Пробежка на лыжах по глубокому снегу давалась мне непросто, и каждый шаг отзывался пульсирующей болью в голове. Разбитая скула тоже побаливала, постоянно напоминая мне о стычке с дочерью. Благодаря занятиям верховой ездой Эми была хорошо развита физически и обладала отличной мускулатурой, а удар, который она мне нанесла, лишний раз напомнил о ее силе. Кто знает, быть может, бабушка была не так уж не права, когда предлагала отпустить Эми к отцу? Быть может, пришла пора позволить дочери жить так, как ей хочется?

Много лет назад, когда я впервые отвела дочь в школу, а потом — во второй половине дня — пришла ее забирать, ко мне подошла учительница и прошептала:

— Ко мне только что подходила ваша дочь. Она сказала, что хорошо провела время, но больше к нам не придет. Ей, видите ли, у нас скучно.

Когда мы после этого ехали в машине, я спросила Эми, как у нее прошел первый день в школе.

— Неплохо, — сказала она, а потом с довольной улыбкой добавила: — Я в нашем классе самая умная.

— Правда? — спросила я. — Это тебе учительница сказала?

— Нет, — ответила Эми. — Я сама это заметила.

Возможно, Эми права: она и вправду куда умнее, чем я о ней всегда думала. Но ее умственные способности — это одно, а переезд к отцу — совсем другое. Правильно ли я поступлю, если без борьбы уступлю ее Дэну? На мой взгляд, к вступлению в самостоятельную, взрослую жизнь Эми еще не готова.

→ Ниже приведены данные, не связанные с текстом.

text \<open>The bounds transfer from \<open>block_energy\<close> to the weighted sum because only the weight
  of \<open>k = 1\<close> may be positive, and \<open>block_energy\<close> is exact there.\<close>

lemma weighted_block_energy_bounds:
  fixes \<phi> :: "nat \<Rightarrow> real"
  assumes per: "periodic p w" and nonpos: "\<forall>k\<in>{2..s}. \<phi> k \<le> 0"
  shows "(\<Sum>k=1..s. (real k)\<^sup>2 * \<phi> k) * autocorr p a w 0
           - (\<Sum>k=1..s. (real k - 1) * \<phi> k) * incr_energy p a w 1
         \<le> (\<Sum>k=1..s. \<phi> k * block_energy p a w k)"
    and "(\<Sum>k=1..s. \<phi> k * block_energy p a w k)
         \<le> (\<Sum>k=1..s. (real k)\<^sup>2 * \<phi> k) * autocorr p a w 0
           - (\<Sum>k=1..s. ((real k)^4 - (real k)\<^sup>2) / 12 * \<phi> k) * incr_energy p a w 1"
proof -
  have split: "(\<Sum>k=1..s. (real k)\<^sup>2 * \<phi> k) * autocorr p a w 0 - (\<Sum>k=1..s. c k * \<phi> k) * incr_energy p a w 1
      = (\<Sum>k=1..s. \<phi> k * ((real k)\<^sup>2 * autocorr p a w 0 - c k * incr_energy p a w 1))" for c
  proof -
    have "(\<Sum>k=1..s. (real k)\<^sup>2 * \<phi> k) * autocorr p a w 0 - (\<Sum>k=1..s. c k * \<phi> k) * incr_energy p a w 1
      = (\<Sum>k=1..s. (real k)\<^sup>2 * \<phi> k * autocorr p a w 0 - c k * \<phi> k * incr_energy p a w 1)"
      by (simp only: sum_subtractf sum_distrib_right)
    then show ?thesis by (simp add: algebra_simps)
  qed
  have lower_termwise: "\<phi> k * ((real k)\<^sup>2 * autocorr p a w 0 - c * incr_energy p a w 1) \<le> \<phi> k * block_energy p a w k"
    if "k \<in> {1..s}" and "k \<noteq> 1 \<Longrightarrow> block_energy p a w k \<le> (real k)\<^sup>2 * autocorr p a w 0 - c * incr_energy p a w 1"
    and "k = 1 \<Longrightarrow> c = 0" for k c
  proof (cases "k = 1")
    case False
    then show ?thesis using that nonpos by (intro mult_left_mono_neg) auto
  qed (use that block_energy_1[OF per] in simp)
  have upper_termwise: "\<phi> k * block_energy p a w k \<le> \<phi> k * ((real k)\<^sup>2 * autocorr p a w 0 - c * incr_energy p a w 1)"
    if "k \<in> {1..s}" and "k \<noteq> 1 \<Longrightarrow> (real k)\<^sup>2 * autocorr p a w 0 - c * incr_energy p a w 1 \<le> block_energy p a w k"
    and "k = 1 \<Longrightarrow> c = 0" for k c
  proof (cases "k = 1")
    case False
    then show ?thesis using that nonpos by (intro mult_left_mono_neg) auto
  qed (use that block_energy_1[OF per] in simp)
  show "(\<Sum>k=1..s. (real k)\<^sup>2 * \<phi> k) * autocorr p a w 0
           - (\<Sum>k=1..s. (real k - 1) * \<phi> k) * incr_energy p a w 1
         \<le> (\<Sum>k=1..s. \<phi> k * block_energy p a w k)"
    unfolding split by (rule sum_mono, rule lower_termwise) (use block_energy_upper[OF per, of a] in auto)
  show "(\<Sum>k=1..s. \<phi> k * block_energy p a w k)
         \<le> (\<Sum>k=1..s. (real k)\<^sup>2 * \<phi> k) * autocorr p a w 0
           - (\<Sum>k=1..s. ((real k)^4 - (real k)\<^sup>2) / 12 * \<phi> k) * incr_energy p a w 1"
    unfolding split by (rule sum_mono, rule upper_termwise) (use block_energy_lower[OF per, of _ a] in auto)
qed
(* Let $b:\mathbb R^n\to\mathbb R^n$ be locally Lipschitz continuous and suppose there are $R\ge0$, $\kappa>0$ with $\langle b(x)-b(y),x-y\rangle\le-\kappa|x-y|^2$ for all $x,y\in\mathbb R^n\setminus B_R$. Then for any $\bar\kappa\in(0,\kappa)$ there is $\bar R>0$ such that $\langle b(x)-b(y),x-y\rangle\le-\bar\kappa|x-y|^2$ for all $y\in\mathbb R^n$ and all $|x|>\bar R$.
   Context: $B_R$ denotes the closed (or open) ball of radius $R$ about the origin in $\mathbb R^n$. *)

theory Defs
  imports "HOL-Analysis.Analysis"
begin

definition locally_lipschitz :: "('a::metric_space \<Rightarrow> 'b::metric_space) \<Rightarrow> bool" where
  "locally_lipschitz f \<longleftrightarrow> (\<forall>x. \<exists>e>0. \<exists>L. L-lipschitz_on (ball x e) f)"

end

theory Submission
  imports Defs
begin

text \<open>Outside \<open>B\<^sub>R\<close> the estimate holds with \<open>\<kappa>\<close> itself. If \<open>|y| \<le> R\<close> and \<open>x\<close> is far out,
move from \<open>y\<close> away from \<open>x\<close> along the line through both, by the distance \<open>2R + 1\<close>, to a
point \<open>z\<close> with \<open>R < |z| \<le> 3R + 1\<close>. The pair \<open>x, z\<close> contributes at most \<open>-\<kappa> |x - y|\<^sup>2\<close> and the
pair \<open>z, y\<close> at most \<open>2M |x - y|\<close>, where \<open>M\<close> bounds \<open>|b|\<close> on \<open>B\<^bsub>3R+1\<^esub>\<close>; the linear term is
absorbed into \<open>(\<kappa> - \<kappa>') |x - y|\<^sup>2\<close> once \<open>|x - y| \<ge> 2M / (\<kappa> - \<kappa>')\<close>.\<close>

lemma locally_lipschitz_imp_continuous_on:
  assumes "locally_lipschitz f"
  shows "continuous_on S f"
proof -
  have "isCont f x" for x
  proof -
    obtain e L where "e > 0" and "L-lipschitz_on (ball x e) f"
      using assms unfolding locally_lipschitz_def by blast
    then show ?thesis
      using lipschitz_on_continuous_on continuous_on_interior by fastforce
  qed
  then show ?thesis
    by (simp add: continuous_at_imp_continuous_on)
qed

lemma inner_le_neg_norm_sq_unscale:
  fixes u v :: "'a::real_inner"
  assumes "u \<bullet> (s *\<^sub>R v) \<le> - \<kappa> * (norm (s *\<^sub>R v))\<^sup>2" and "1 \<le> s" and "0 \<le> \<kappa>"
  shows "u \<bullet> v \<le> - \<kappa> * (norm v)\<^sup>2"
proof -
  have "s * (u \<bullet> v) \<le> s * (- \<kappa> * s * (norm v)\<^sup>2)"
    using assms(1,2) by (simp add: power2_eq_square algebra_simps)
  then have "u \<bullet> v \<le> - \<kappa> * s * (norm v)\<^sup>2"
    using assms(2) by (meson mult_le_cancel_left_pos zero_less_one less_le_trans)
  also have "\<dots> \<le> - \<kappa> * (norm v)\<^sup>2"
    using assms(2,3) by (intro mult_right_mono) (auto simp: mult_le_cancel_left1)
  finally show ?thesis .
qed

lemma ray_point_at_distance:
  fixes x y :: "'a::real_normed_vector"
  assumes "x \<noteq> y" and "0 \<le> c"
  obtains z s where "x - z = s *\<^sub>R (x - y)" and "1 \<le> s" and "dist z y = c"
proof
  let ?t = "c / norm (x - y)"
  show "x - (y - ?t *\<^sub>R (x - y)) = (1 + ?t) *\<^sub>R (x - y)"
    by (simp add: algebra_simps)
  show "1 \<le> 1 + ?t"
    using assms by simp
  show "dist (y - ?t *\<^sub>R (x - y)) y = c"
    using assms by (simp add: dist_norm)
qed

lemma dissipative_estimate_inner_point:
  fixes b :: "'a::real_inner \<Rightarrow> 'a" and R \<kappa> M :: real
  assumes M: "\<And>z. norm z \<le> 3 * R + 1 \<Longrightarrow> norm (b z) \<le> M"
    and dissipative: "\<And>x y. norm x > R \<Longrightarrow> norm y > R \<Longrightarrow>
           (b x - b y) \<bullet> (x - y) \<le> - \<kappa> * (norm (x - y))\<^sup>2"
    and "0 \<le> R" and "0 \<le> \<kappa>" and "R < norm x" and "norm y \<le> R"
  shows "(b x - b y) \<bullet> (x - y) \<le> - \<kappa> * (norm (x - y))\<^sup>2 + 2 * M * norm (x - y)"
proof -
  have "x \<noteq> y"
    using assms(5,6) by auto
  then obtain z s where xz: "x - z = s *\<^sub>R (x - y)" and "1 \<le> s" and "dist z y = 2 * R + 1"
    using ray_point_at_distance[of x y "2 * R + 1"] \<open>0 \<le> R\<close> by auto
  then have "R < norm z" and "norm z \<le> 3 * R + 1"
    using \<open>norm y \<le> R\<close> norm_triangle_ineq4[of z y] norm_triangle_sub[of z y]
    unfolding dist_norm by linarith+
  have "(b x - b z) \<bullet> (s *\<^sub>R (x - y)) \<le> - \<kappa> * (norm (s *\<^sub>R (x - y)))\<^sup>2"
    using dissipative[of x z] \<open>R < norm x\<close> \<open>R < norm z\<close> xz by simp
  then have "(b x - b z) \<bullet> (x - y) \<le> - \<kappa> * (norm (x - y))\<^sup>2"
    using inner_le_neg_norm_sq_unscale \<open>1 \<le> s\<close> \<open>0 \<le> \<kappa>\<close> by blast
  moreover have "norm (b z - b y) \<le> 2 * M"
    using M[of z] M[of y] \<open>norm z \<le> 3 * R + 1\<close> \<open>norm y \<le> R\<close> \<open>0 \<le> R\<close>
      norm_triangle_ineq4[of "b z" "b y"]
    by linarith
  then have "(b z - b y) \<bullet> (x - y) \<le> 2 * M * norm (x - y)"
    using norm_cauchy_schwarz[of "b z - b y" "x - y"] mult_right_mono[of _ _ "norm (x - y)"]
    by fastforce
  moreover have "(b x - b y) \<bullet> (x - y) = (b x - b z) \<bullet> (x - y) + (b z - b y) \<bullet> (x - y)"
    by (simp add: inner_diff_left)
  ultimately show ?thesis by linarith
qed

lemma dissipative_outside_ball_imp_dissipative_far:
  fixes b :: "'a::real_inner \<Rightarrow> 'a" and R \<kappa> \<kappa>' :: real
  assumes bounded: "bounded (b ` cball 0 (3 * R + 1))"
    and "0 \<le> R" and "0 < \<kappa>'" and "\<kappa>' < \<kappa>"
    and dissipative: "\<And>x y. norm x > R \<Longrightarrow> norm y > R \<Longrightarrow>
           (b x - b y) \<bullet> (x - y) \<le> - \<kappa> * (norm (x - y))\<^sup>2"
  shows "\<exists>R'>0. \<forall>x y. norm x > R' \<longrightarrow>
           (b x - b y) \<bullet> (x - y) \<le> - \<kappa>' * (norm (x - y))\<^sup>2"
proof -
  obtain M where "0 < M" and M: "\<And>z. norm z \<le> 3 * R + 1 \<Longrightarrow> norm (b z) \<le> M"
    using bounded unfolding bounded_pos by auto
  define R' where "R' = R + 2 * M / (\<kappa> - \<kappa>') + 1"
  have "0 < 2 * M / (\<kappa> - \<kappa>')"
    using \<open>0 < M\<close> \<open>\<kappa>' < \<kappa>\<close> by simp
  then have "0 < R'" and "R < R'"
    using \<open>0 \<le> R\<close> unfolding R'_def by linarith+
  moreover have "(b x - b y) \<bullet> (x - y) \<le> - \<kappa>' * (norm (x - y))\<^sup>2" if x: "norm x > R'" for x y
  proof (cases "norm y > R")
    case True
    have "- \<kappa> * (norm (x - y))\<^sup>2 \<le> - \<kappa>' * (norm (x - y))\<^sup>2"
      using \<open>\<kappa>' < \<kappa>\<close> by (simp add: mult_right_mono)
    with dissipative[of x y] x True \<open>R < R'\<close> show ?thesis by linarith
  next
    case False
    define d where "d = norm (x - y)"
    have "norm x - norm y \<le> d"
      unfolding d_def by (rule norm_triangle_ineq2)
    then have "2 * M / (\<kappa> - \<kappa>') < d"
      using x False unfolding R'_def by linarith
    then have "2 * M * d \<le> (\<kappa> - \<kappa>') * d * d"
      using \<open>\<kappa>' < \<kappa>\<close> \<open>0 < 2 * M / (\<kappa> - \<kappa>')\<close>
      by (intro mult_right_mono) (auto simp: pos_divide_less_eq mult.commute d_def)
    then have "- \<kappa> * d\<^sup>2 + 2 * M * d \<le> - \<kappa>' * d\<^sup>2"
      by (simp add: power2_eq_square algebra_simps)
    moreover have "(b x - b y) \<bullet> (x - y) \<le> - \<kappa> * d\<^sup>2 + 2 * M * d"
      unfolding d_def
      using M dissipative x False \<open>R < R'\<close> \<open>0 \<le> R\<close> \<open>0 < \<kappa>'\<close> \<open>\<kappa>' < \<kappa>\<close>
      by (intro dissipative_estimate_inner_point[where R = R]) auto
    ultimately show ?thesis
      unfolding d_def by linarith
  qed
  ultimately show ?thesis by blast
qed

theorem lemma2p9:
  fixes b :: "real^'n \<Rightarrow> real^'n" and R \<kappa> :: real
  assumes "locally_lipschitz b"
    and "R \<ge> 0" and "\<kappa> > 0"
    and "\<And>x y. norm x > R \<Longrightarrow> norm y > R \<Longrightarrow>
           (b x - b y) \<bullet> (x - y) \<le> - \<kappa> * (norm (x - y))\<^sup>2"
  shows "\<forall>\<kappa>'. 0 < \<kappa>' \<and> \<kappa>' < \<kappa> \<longrightarrow>
           (\<exists>R'>0. \<forall>x y. norm x > R' \<longrightarrow>
              (b x - b y) \<bullet> (x - y) \<le> - \<kappa>' * (norm (x - y))\<^sup>2)"
proof (intro allI impI)
  fix \<kappa>' :: real
  assume "0 < \<kappa>' \<and> \<kappa>' < \<kappa>"
  moreover have "bounded (b ` cball 0 (3 * R + 1))"
    using locally_lipschitz_imp_continuous_on[OF assms(1)]
    by (intro compact_imp_bounded compact_continuous_image) auto
  ultimately show "\<exists>R'>0. \<forall>x y. norm x > R' \<longrightarrow>
           (b x - b y) \<bullet> (x - y) \<le> - \<kappa>' * (norm (x - y))\<^sup>2"
    using dissipative_outside_ball_imp_dissipative_far assms(2,4) by blast
qed

end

К чему лукавить? Терять дочь я не хотела, как, впрочем, и Ноа. Стоило мне вспомнить о его ласках, как у меня по телу пробежала горячая дрожь, сердце радостно забилось. Мне не хватало его крепких объятий, ленивой, чуточку лукавой улыбки, добрых, внимательных глаз.

Увы, я хорошо понимала, что, оставив при себе дочь, я буду вынуждена отказаться от Ноа, и эта мысль сводила меня с ума.

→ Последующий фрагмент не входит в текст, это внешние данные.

(* Let $\varphi=(1+\sqrt5)/2$ and let $s_Z$ be the Zeckendorf sum of digits function. Let $I_Z=(I_Z(n))_{n\ge1}$ be the increasing enumeration of the points of increase of $s_Z$, let $C_Z=(C_Z(n))_{n\ge1}$ be the increasing enumeration of the points of constancy of $s_Z$, and let $D_Z=(D_Z(n))_{n\ge1}$ be defined by $D_Z(1)=-1$ and, for $n\ge1$, $D_Z(n+1)$ is the $n$-th smallest point of decrease of $s_Z$. Then: (i) $I_Z(n)=\lfloor n\varphi\rfloor+n-2$ for all $n\ge1$; (ii) the set of points of constancy of $s_Z$ equals $\{2\lfloor n\varphi\rfloor+n-2:\ n\ge1\}\cup\{3\lfloor n\varphi\rfloor+2n-3:\ n\ge1\}$, i.e. $C_Z$ is the increasing enumeration of this union; (iii) $D_Z(n)=2\lfloor n\varphi\rfloor+n-4$ for all $n\ge1$.
   Context: Fibonacci numbers: $F_0=0$, $F_1=1$, $F_n=F_{n-1}+F_{n-2}$ for $n\ge2$. Every integer $N\ge0$ can be written uniquely (ignoring leading zeros) as $N=\sum_{i\ge0}d_i(N)F_{i+2}$ with digits $d_i(N)\in\{0,1\}$ such that no two consecutive digits $d_i,d_{i+1}$ are both $1$ (Zeckendorf expansion). The Zeckendorf sum of digits function is $s_Z(N)=\sum_{i\ge0}d_i(N)$ for $N\ge0$. With $\Delta s_Z(N)=s_Z(N+1)-s_Z(N)$, an integer $N\ge0$ is a point of increase, of constancy, or of decrease of $s_Z$ according as $\Delta s_Z(N)>0$, $=0$, or $<0$. *)

theory Defs
  imports Complex_Main "HOL-Number_Theory.Fib" "HOL-Library.Infinite_Set"
begin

Я попыталась отогнать от себя печальные мысли и сосредоточила внимание на спуске с холма. Я очень торопилась. Мне не хотелось, чтобы кто-нибудь в доме догадался о том, что я выходила со двора. То место, где я обнаружила тело Эдварда, нельзя было узнать. Все вокруг было засыпано чистым белым снегом, на поверхности которого не было видно ни единого отпечатка — снег заметал все следы, включая мои собственные. Здесь, в лесу, порывы ветра почти не ощущались и стояла удивительная, какая-то кладбищенская тишина. В сером сумраке, который окружал меня со всех сторон, терялось представление о времени, и мне уже казалось, что эта беспросветная тусклая мгла царит над миром с тех самых пор, как я обнаружила тело отца.

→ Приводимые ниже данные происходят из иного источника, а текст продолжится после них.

lemma weighted_count_append:
  "weighted_count S v (\<lambda>j. \<Phi> j @ \<Psi> j) p = weighted_count S v \<Phi> p + weighted_count S v \<Psi> p"
  by (simp add: weighted_count_def distrib_right sum.distrib)

lemma weighted_count_linear:
  fixes \<Psi> :: "'i \<Rightarrow> 'b::finite list"
  assumes "\<And>j. j \<in> S \<Longrightarrow> count_list (\<Phi> j) p = (\<Sum>q\<in>UNIV. count_list (\<Psi> j) q * c q)"
  shows "weighted_count S v \<Phi> p = (\<Sum>q\<in>UNIV. of_nat (c q) * weighted_count S v \<Psi> q)"
proof -
  have "weighted_count S v \<Phi> p = (\<Sum>j\<in>S. \<Sum>q\<in>UNIV. of_nat (c q) * (of_nat (count_list (\<Psi> j) q) * v j))"
    unfolding weighted_count_def using assms by (simp add: sum_distrib_left sum_distrib_right mult_ac)
  also have "\<dots> = (\<Sum>q\<in>UNIV. of_nat (c q) * weighted_count S v \<Psi> q)"
    unfolding weighted_count_def by (subst sum.swap) (simp add: sum_distrib_left)
  finally show ?thesis .
qed

lemma weighted_count_concat_map:
  fixes \<Psi> :: "'i \<Rightarrow> 'b::finite list"
  shows "weighted_count S v (\<lambda>j. concat (map g (\<Psi> j))) p
    = (\<Sum>q\<in>UNIV. of_nat (count_list (g q) p) * weighted_count S v \<Psi> q)"
  by (rule weighted_count_linear) (simp add: count_list_concat_map[of UNIV])

lemma weighted_count_map:
  fixes \<Phi> :: "'i \<Rightarrow> 'b::finite list"
  shows "weighted_count S v (\<lambda>j. map \<sigma> (\<Phi> j)) p = (\<Sum>q | \<sigma> q = p. weighted_count S v \<Phi> q)"
  unfolding weighted_count_def
  by (simp add: count_list_map_eq_sum_preimage sum_distrib_right) (rule sum.swap)

lemma weighted_count_compose_eigenvector:
  assumes "finite S" "\<And>j. j \<in> S \<Longrightarrow> set (\<sigma> j) \<subseteq> S"
    and eigen: "\<And>i. i \<in> S \<Longrightarrow> weighted_count S v \<sigma> i = z * v i"
  shows "weighted_count S v (\<lambda>j. concat (map \<Psi> (\<sigma> j))) p = z * weighted_count S v \<Psi> p"
proof -
  have "weighted_count S v (\<lambda>j. concat (map \<Psi> (\<sigma> j))) p
      = (\<Sum>j\<in>S. \<Sum>r\<in>S. of_nat (count_list (\<Psi> r) p) * (of_nat (count_list (\<sigma> j) r) * v j))"
    unfolding weighted_count_def using assms(1,2)
    by (intro sum.cong) (simp_all add: count_list_concat_map[of S] sum_distrib_left sum_distrib_right mult_ac)
  also have "\<dots> = (\<Sum>r\<in>S. of_nat (count_list (\<Psi> r) p) * weighted_count S v \<sigma> r)"
    unfolding weighted_count_def by (subst sum.swap) (simp add: sum_distrib_left)
  also have "\<dots> = (\<Sum>r\<in>S. of_nat (count_list (\<Psi> r) p) * (z * v r))" using eigen by simp
  also have "\<dots> = z * weighted_count S v \<Psi> p"
    unfolding weighted_count_def by (simp add: sum_distrib_left mult_ac)
  finally show ?thesis .
qed

lemma sum_list_subst_word_left_eigenvector:
  fixes t :: "'a::finite \<Rightarrow> 'a list" and f :: "'a \<Rightarrow> complex"
  assumes "\<And>j. (\<Sum>i\<in>UNIV. f i * of_nat (subst_matrix t i j)) = z * f j"
  shows "sum_list (map f (subst_word t w)) = z * sum_list (map f w)"
proof (induction w)
  case (Cons x w)
  have "sum_list (map f (t x)) = (\<Sum>i\<in>UNIV. of_nat (count_list (t x) i) * f i)"
    by (rule sum_list_map_eq_sum_of_nat_count) auto
  also have "\<dots> = z * f x" using assms[of x] by (simp add: subst_matrix_def mult.commute)
  finally show ?case using Cons by (simp add: distrib_left)
qed simp

definition bigrams :: "'b list \<Rightarrow> 'b \<Rightarrow> ('b \<times> 'b) list" where
  "bigrams w c = zip w (tl w @ [c])"

lemma bigrams_Nil [simp]: "bigrams [] c = []"
  by (simp add: bigrams_def)

lemma bigrams_single: "bigrams [x] c = [(x, c)]"
  by (simp add: bigrams_def)

lemma bigrams_Cons_Cons: "bigrams (x # y # ys) c = (x, y) # bigrams (y # ys) c"
  by (simp add: bigrams_def)

lemma map_fst_bigrams: "map fst (bigrams w c) = w"
  by (cases w) (simp_all add: bigrams_def)

lemma bigrams_append: "w' \<noteq> [] \<Longrightarrow> bigrams (w @ w') c = bigrams w (hd w') @ bigrams w' c"
proof (induction w)
  case (Cons x w)
  then show ?case
    by (cases w; cases w') (simp_all add: bigrams_Cons_Cons bigrams_single)
qed simp

lemma bigrams_snoc: "w \<noteq> [] \<Longrightarrow> bigrams w c = zip (butlast w) (tl w) @ [(last w, c)]"
  by (induction w rule: induct_list012) (simp_all add: bigrams_Cons_Cons bigrams_single)

lemma bigrams_concat:
  assumes "\<forall>r\<in>set ws. \<exists>ys. g r = c # ys"
  shows "bigrams (concat (map g ws)) c = concat (map (\<lambda>r. bigrams (g r) c) ws)"
  using assms
proof (induction ws)
  case (Cons r ws)
  show ?case
  proof (cases ws)
    case (Cons r' ws')
    then obtain ys where "g r' = c # ys" using Cons.prems by auto
    then show ?thesis using Cons Cons.IH Cons.prems by (simp add: bigrams_append)
  qed simp
qed simp

lemma bigrams_subst_word:
  assumes "\<forall>b. t b \<noteq> []"
  shows "bigrams (subst_word t w) (hd (t c))
    = concat (map (\<lambda>q. bigrams (t (fst q)) (hd (t (snd q)))) (bigrams w c))"
proof (induction w)
  case (Cons x w)
  show ?case
  proof (cases w)
    case (Cons y ys)
    then have "subst_word t w \<noteq> []" "hd (subst_word t w) = hd (t y)" using assms by auto
    then show ?thesis using Cons.IH Cons by (simp add: bigrams_append bigrams_Cons_Cons)
  qed (simp add: bigrams_single)
qed simp

section \<open>The fixed point of a primitive substitution\<close>

locale primitive_fixed_point =
  fixes \<tau> :: "'a::finite \<Rightarrow> 'a list" and a :: 'a
  assumes nonerasing: "\<forall>b. \<tau> b \<noteq> []"
    and starts: "hd (\<tau> a) = a"
    and growing: "2 \<le> length (\<tau> a)"
    and primitive: "primitive_mat UNIV (subst_matrix \<tau>)"
begin

abbreviation subst :: "'a list \<Rightarrow> 'a list" where
  "subst \<equiv> subst_word \<tau>"

abbreviation X :: "nat \<Rightarrow> 'a" where
  "X \<equiv> fixpt \<tau> a"

definition W :: "nat \<Rightarrow> 'a list" where
  "W n = (subst ^^ n) [a]"

definition factor :: "nat \<Rightarrow> nat \<Rightarrow> 'a list" where
  "factor i j = map X [i..<j]"

text \<open>Since \<tau>(X[0,i)) is again a prefix of X, it ends at position block_start i,
  and \<tau>(X i) occupies X[block_start i, block_start (i+1)).\<close>
definition block_start :: "nat \<Rightarrow> nat" where
  "block_start i = length (subst (factor 0 i))"

lemma length_le_length_subst: "length w \<le> length (subst w)"
proof (induction w)
  case (Cons x w)
  have "\<tau> x \<noteq> []" using nonerasing by auto
  then show ?case using Cons by (cases "\<tau> x") auto
qed simp

lemma length_le_length_funpow_subst: "length w \<le> length ((subst ^^ k) w)"
  by (induction k) (auto intro: order_trans[OF _ length_le_length_subst])

lemma funpow_subst_single_nonempty: "(subst ^^ k) [x] \<noteq> []"
  using length_le_length_funpow_subst[of "[x]" k] by auto

lemma W_Suc: "W (Suc n) = subst (W n)"
  by (simp add: W_def)

lemma W_Suc_prefix: "\<exists>ys. W (Suc n) = W n @ ys"
proof (induction n)
  case 0
  have "\<tau> a = a # tl (\<tau> a)" using starts nonerasing by (metis list.collapse)
  then show ?case by (simp add: W_def) (metis append_Cons append_Nil)
next
  case (Suc n)
  then obtain ys where "W (Suc n) = W n @ ys" by blast
  then have "W (Suc (Suc n)) = W (Suc n) @ subst ys" by (simp add: W_Suc)
  then show ?case by blast
qed

lemma W_prefix_mono: "n \<le> n' \<Longrightarrow> \<exists>ys. W n' = W n @ ys"
proof (induction n' rule: dec_induct)
  case (step k)
  then show ?case using W_Suc_prefix[of k] by (metis append.assoc)
qed simp

lemma W_Cons: "\<exists>ys. W n = a # ys"
  using W_prefix_mono[of 0 n] by (auto simp: W_def)

lemma length_W: "n + 1 \<le> length (W n)"
proof (induction n)
  case (Suc n)
  obtain ys where ys: "W n = a # ys" using W_Cons by blast
  have "length (subst (a # ys)) = length (\<tau> a) + length (subst ys)" by simp
  also have "\<dots> \<ge> 2 + length ys" using growing length_le_length_subst[of ys] by simp
  finally show ?case using Suc ys by (simp add: W_Suc)
qed (simp add: W_def)

lemma X_eq_nth_W: "i < length (W n) \<Longrightarrow> X i = W n ! i"
proof -
  assume i: "i < length (W n)"
  have x: "X i = W (Suc i) ! i" by (simp add: fixpt_def W_def)
  have l: "i < length (W (Suc i))" using length_W[of "Suc i"] by simp
  obtain ys1 where "W (max n (Suc i)) = W n @ ys1" using W_prefix_mono[of n "max n (Suc i)"] by auto
  moreover obtain ys2 where "W (max n (Suc i)) = W (Suc i) @ ys2"
    using W_prefix_mono[of "Suc i" "max n (Suc i)"] by auto
  ultimately show ?thesis using i l x by (metis nth_append)
qed

lemma X_0: "X 0 = a"
  using X_eq_nth_W[of 0 0] by (simp add: W_def)

lemma nth_factor: "t < j - i \<Longrightarrow> factor i j ! t = X (i + t)"
  by (simp add: factor_def)

lemma length_factor [simp]: "length (factor i j) = j - i"
  by (simp add: factor_def)

lemma factor_empty [simp]: "factor i i = []"
  by (simp add: factor_def)

lemma factor_Suc: "factor i (Suc i) = [X i]"
  by (simp add: factor_def)

lemma factor_append: "i \<le> j \<Longrightarrow> j \<le> l \<Longrightarrow> factor i j @ factor j l = factor i l"
  unfolding factor_def by (metis le_Suc_ex map_append upt_add_eq_append)

lemma take_factor_0: "k \<le> l \<Longrightarrow> take k (factor 0 l) = factor 0 k"
  by (simp add: factor_def take_map)

lemma take_factor: "k \<le> j - i \<Longrightarrow> take k (factor i j) = factor i (i + k)"
  by (cases "i \<le> j") (simp_all add: factor_def take_map take_upt)

lemma drop_factor_0: "k \<le> l \<Longrightarrow> drop k (factor 0 l) = factor k l"
  by (simp add: factor_def drop_map)

lemma W_eq_factor: "W n = factor 0 (length (W n))"
  by (rule nth_equalityI) (auto simp: nth_factor X_eq_nth_W)

lemma factor_0_eq_take_W: "i \<le> length (W n) \<Longrightarrow> factor 0 i = take i (W n)"
  by (metis W_eq_factor take_factor_0)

Наконец я увидела Депатрон-Холлоу. Вода начала замерзать, и с вершины водопада к его подножию тянулись причудливой формы ледяные висюльки. По этой причине выбоина в скале напоминала занавешенный сталактитами вход в доисторическую пещеру.

К выбоине можно было подобраться, обходя вершину скалы сбоку по узкой тропе. Одно неверное движение — и я могла сорваться с нее и рухнуть на лед водоема. Я сняла лыжи — они были скорее помехой, чем подспорьем, — и стала пробираться по тропе к выбоине, прижимаясь спиной к покрытой ледяной коркой скале. Я поскользнулась на скрытом под снегом гладком куске льда и едва не сорвалась вниз. С большим трудом сохранив равновесие, я оперлась плечом о скалу, перевела дух и двинулась дальше. Тропинка постепенно расширялась, идти стало легче, и не прошло пяти минут, как я ступила под своды выбитого природой в скале углубления. Оказавшись в заледеневшем пространстве каверны, я присела на корточки и некоторое время оставалась в таком положении: необходимо было немного отдохнуть и восстановить привычный ритм дыхания.

Ледяные наросты и продолжавшие течь сверху водяные струи создавали своего рода занавес, защищавший меня от ветра и шума бурана, который, как только я вышла из леса и подошла к водопаду, с новой силой дал о себе знать.

Достав из кармана куртки нейлоновую сумочку б завещанием, я положила ее у задней стены пещерки и завалила обломками гранита и кусками льда. Когда высота холмика составила фут, я удовлетворенно вздохнула, встала в полный рост и сделала несколько резких движений, разминая нывшие от напряжения мышцы спины.

Я знала: здесь завещание будет в полной сохранности. Никому и в голову не придет искать документ в этой обледеневшей выбоине. Я же намеревалась хранить его здесь до тех пор, пока дело с убийством Эдварда не получит своего окончательного разрешения.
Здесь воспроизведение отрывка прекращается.